At the same time other community organizations were developing in communities that were being torn by blockbusting, racial fear mongering, and financial institution redlining. Austin was one right to the west of us being organized by Tom Gaudette and Shel Trapp who were advising us in Lawndale.
I received further training and went with the Industrial Areas Foundation, first in Chicago, then Toronto, and then San Jose, which was now being run by Ed Chambers after Saul Alinsky retired and died.

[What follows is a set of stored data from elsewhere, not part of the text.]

lemma expect_sym_finite_points:
  assumes "distinct (map snd W)" "sum_list (map fst W) = 0" "None \<notin> set (map snd W)"
  shows "expect_sym \<sigma> W = exp (energy \<sigma> (charges_of W))"
proof -
  define L where "L = map (\<lambda>(k, p). (k, the p)) W"
  have "inj_on the (set (map snd W))"
  proof (rule inj_onI)
    fix p q assume "p \<in> set (map snd W)" "q \<in> set (map snd W)" "the p = the q"
    with assms(3) show "p = q" by (metis option.expand)
  qed
  then have "distinct (map snd L)"
    using assms(1) by (simp add: L_def distinct_map case_prod_unfold comp_def inj_on_def)
  moreover have "map fst L = map fst W" "map snd L = map the (map snd W)"
    by (simp_all add: L_def case_prod_unfold)
  moreover have "set L = charges_of W"
  proof -
    have "snd x \<noteq> None" if "x \<in> set W" for x
      using assms(3) that by (metis image_eqI set_map)
    then have "{x \<in> set W. snd x \<noteq> None} = set W" by blast
    then show ?thesis by (simp add: L_def charges_of_def)
  qed
  ultimately show ?thesis
    using expect_fin_eq_exp_energy[of L \<sigma>] assms by (simp add: expect_sym_def)
qed

lemma ex_not_in_finite_points: "\<exists>a. Some a \<notin> set (ps :: complex option list)"
proof -
  have "finite (Some -` set ps)" by (rule finite_vimageI) simp_all
  then show ?thesis using ex_new_if_finite[OF infinite_UNIV_char_0] by auto
qed

definition chart_symbol :: "complex \<Rightarrow> symbol \<Rightarrow> (int \<times> complex) list" where
  "chart_symbol a W = map (\<lambda>(k, p). (k, case p of None \<Rightarrow> 0 | Some z \<Rightarrow> 1 / (z - a))) W"

lemma set_chart_symbol:
  "set (chart_symbol a W)
    = (\<lambda>(k, z). (k, 1 / (z - a))) ` charges_of W \<union> (\<lambda>(k, p). (k, 0)) ` {x \<in> set W. snd x = None}"
proof -
  have "set (chart_symbol a W) = (\<lambda>(k, p). (k, case p of None \<Rightarrow> 0 | Some z \<Rightarrow> 1 / (z - a)))
      ` ({x \<in> set W. snd x \<noteq> None} \<union> {x \<in> set W. snd x = None})"
    unfolding chart_symbol_def set_map by (rule arg_cong[where f = "image _"]) auto
  also have "\<dots> = (\<lambda>(k, z). (k, 1 / (z - a))) ` charges_of W \<union> (\<lambda>(k, p). (k, 0)) ` {x \<in> set W. snd x = None}"
    unfolding image_Un charges_of_def image_image
    by (intro arg_cong2[where f = "(\<union>)"] image_cong refl) (auto simp: case_prod_unfold)
  finally show ?thesis .
qed

lemma distinct_chart_symbol:
  assumes "distinct (map snd W)" "Some a \<notin> set (map snd W)"
  shows "distinct (map snd (chart_symbol a W))"
proof -
  have "inj_on (\<lambda>p. case p of None \<Rightarrow> 0 | Some z \<Rightarrow> 1 / (z - a)) (set (map snd W))"
  proof (rule inj_onI)
    fix p q assume "p \<in> set (map snd W)" "q \<in> set (map snd W)"
      and "(case p of None \<Rightarrow> 0 | Some z \<Rightarrow> 1 / (z - a)) = (case q of None \<Rightarrow> 0 | Some z \<Rightarrow> 1 / (z - a))"
    with assms(2) show "p = q"
      by (cases p; cases q) auto
  qed
  then show ?thesis
    using assms(1) by (simp add: chart_symbol_def distinct_map case_prod_unfold comp_def inj_on_def)
qed

lemma expect_sym_point_at_infinity:
  assumes "distinct (map snd W)" "sum_list (map fst W) = 0" "None \<in> set (map snd W)"
  shows "expect_sym \<sigma> W = exp (energy \<sigma> (charges_of W)
    - (real_of_int (charge_at_infinity W))\<^sup>2 * sigma_inf \<sigma> / (8 * pi))"
proof -
  define a where "a = (SOME a. Some a \<notin> set (map snd W))"
  have a: "Some a \<notin> set (map snd W)"
    unfolding a_def using ex_not_in_finite_points by (rule someI_ex)
  define \<sigma>' where "\<sigma>' = (\<lambda>w. if w = 0 then sigma_inf \<sigma> else \<sigma> (a + 1 / w) - 4 * ln (cmod w))"
  define P where "P = (\<lambda>(k, p). (k, 0 :: complex)) ` {x \<in> set W. snd x = None}"
  have charge_P: "total_charge P = charge_at_infinity W"
    unfolding total_charge_def charge_at_infinity_def
  proof (rule sum.reindex_cong[where l = "\<lambda>(k, p). (k, 0)"])
    show "inj_on (\<lambda>(k, p). (k, 0 :: complex)) {x \<in> set W. snd x = None}"
      by (auto simp: inj_on_def prod_eq_iff)
  qed (simp_all add: P_def case_prod_unfold)
  have "expect_sym \<sigma> W = expect_fin \<sigma>' (map fst (chart_symbol a W)) (map snd (chart_symbol a W))"
    using assms(3) unfolding expect_sym_def Let_def a_def[symmetric] \<sigma>'_def
    by (simp add: chart_symbol_def case_prod_unfold comp_def)
  also have "\<dots> = exp (energy \<sigma>' (set (chart_symbol a W)))"
    using distinct_chart_symbol[OF assms(1) a] assms(2)
    by (intro expect_fin_eq_exp_energy) (simp_all add: chart_symbol_def comp_def case_prod_unfold)
  also have "set (chart_symbol a W) = (\<lambda>(k, z). (k, 1 / (z - a))) ` charges_of W \<union> P"
    by (simp add: set_chart_symbol P_def)
  also have "energy \<sigma>' ((\<lambda>(k, z). (k, 1 / (z - a))) ` charges_of W \<union> P)
    = energy \<sigma> (charges_of W) - (real_of_int (total_charge P))\<^sup>2 * sigma_inf \<sigma> / (8 * pi)"
    unfolding \<sigma>'_def
  proof (rule energy_chart_at_infinity)
    show "inj_on snd (charges_of W)" using assms(1) by (rule inj_on_snd_charges_of)
    show "snd x \<noteq> a" if "x \<in> charges_of W" for x
      using a that by (auto simp: charges_of_def image_iff)
    show "inj_on snd P"
      using assms(1) by (auto simp: P_def inj_on_def distinct_map) (metis prod.inject snd_conv)
    show "total_charge (charges_of W) + total_charge P = 0"
      using sum_list_charges_eq[OF assms(1)] assms(2) charge_P by simp
  qed (auto simp: P_def)
  finally show ?thesis by (simp add: charge_P)
qed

Ed began to promulgate a practice called "Greenlining" with which some communities, by threatening to remove deposits, were using successfully to get banks to provide lending to lower income families. (Big parenthesis here: I left the IAF after Chambers was pushing for a Greenlining strategy in San Jose which might have been a good idea, but really didn't fit the local community nor come up through a community process.)
But it was Shel Trapp to whom I give most credit, along with Gale Cincotta, for taking the redlining practice and pushing it to national policy level after organizing many communities being threatened by the practice into National Peoples' Action. NPA took on HUD and got them to change regulations and Congress and got them to pass the Community Reinvestment Act to change a major structural practice that exploited poor people and caused racism. Both political parties ultimately adopted this policy and enshrined it in legislation. For awhile at least.
I tell this story to suggest a sort of revolutionary progression in community action. Of course the big banks and their practices with Wall Street remain. Taking advantage of deregulation and new financial investment tools, they were largely responsible for the recent housing bubble and the exploitation of much of the middle and lower class. So the revolution is hardly won though the Occupy Wall Street Movement has started shining a larger light on these institutions and our fast money economy again.
The progression in revolutionary movement goes from a) successful local organizing and experiments to b) deeper structural analysis and broader national organizing with local constituencies and power to c) state and national policy change to d) transformation of the political economy. This requires local community power organizing, radical class and institutional analysis, broad based organizing for policy change that will lead to the transformation of political and economic institutions.
So the challenge is local: community organizing for power. But the challenge is also intellectual/spiritual: engaging people at all levels in an analysis that goes to the roots of the practice and the very values that support that practice. And it is national and transnational: pushing to a new political economic order that emerges through the community power and understanding process that can capture or create a political party for transformative change.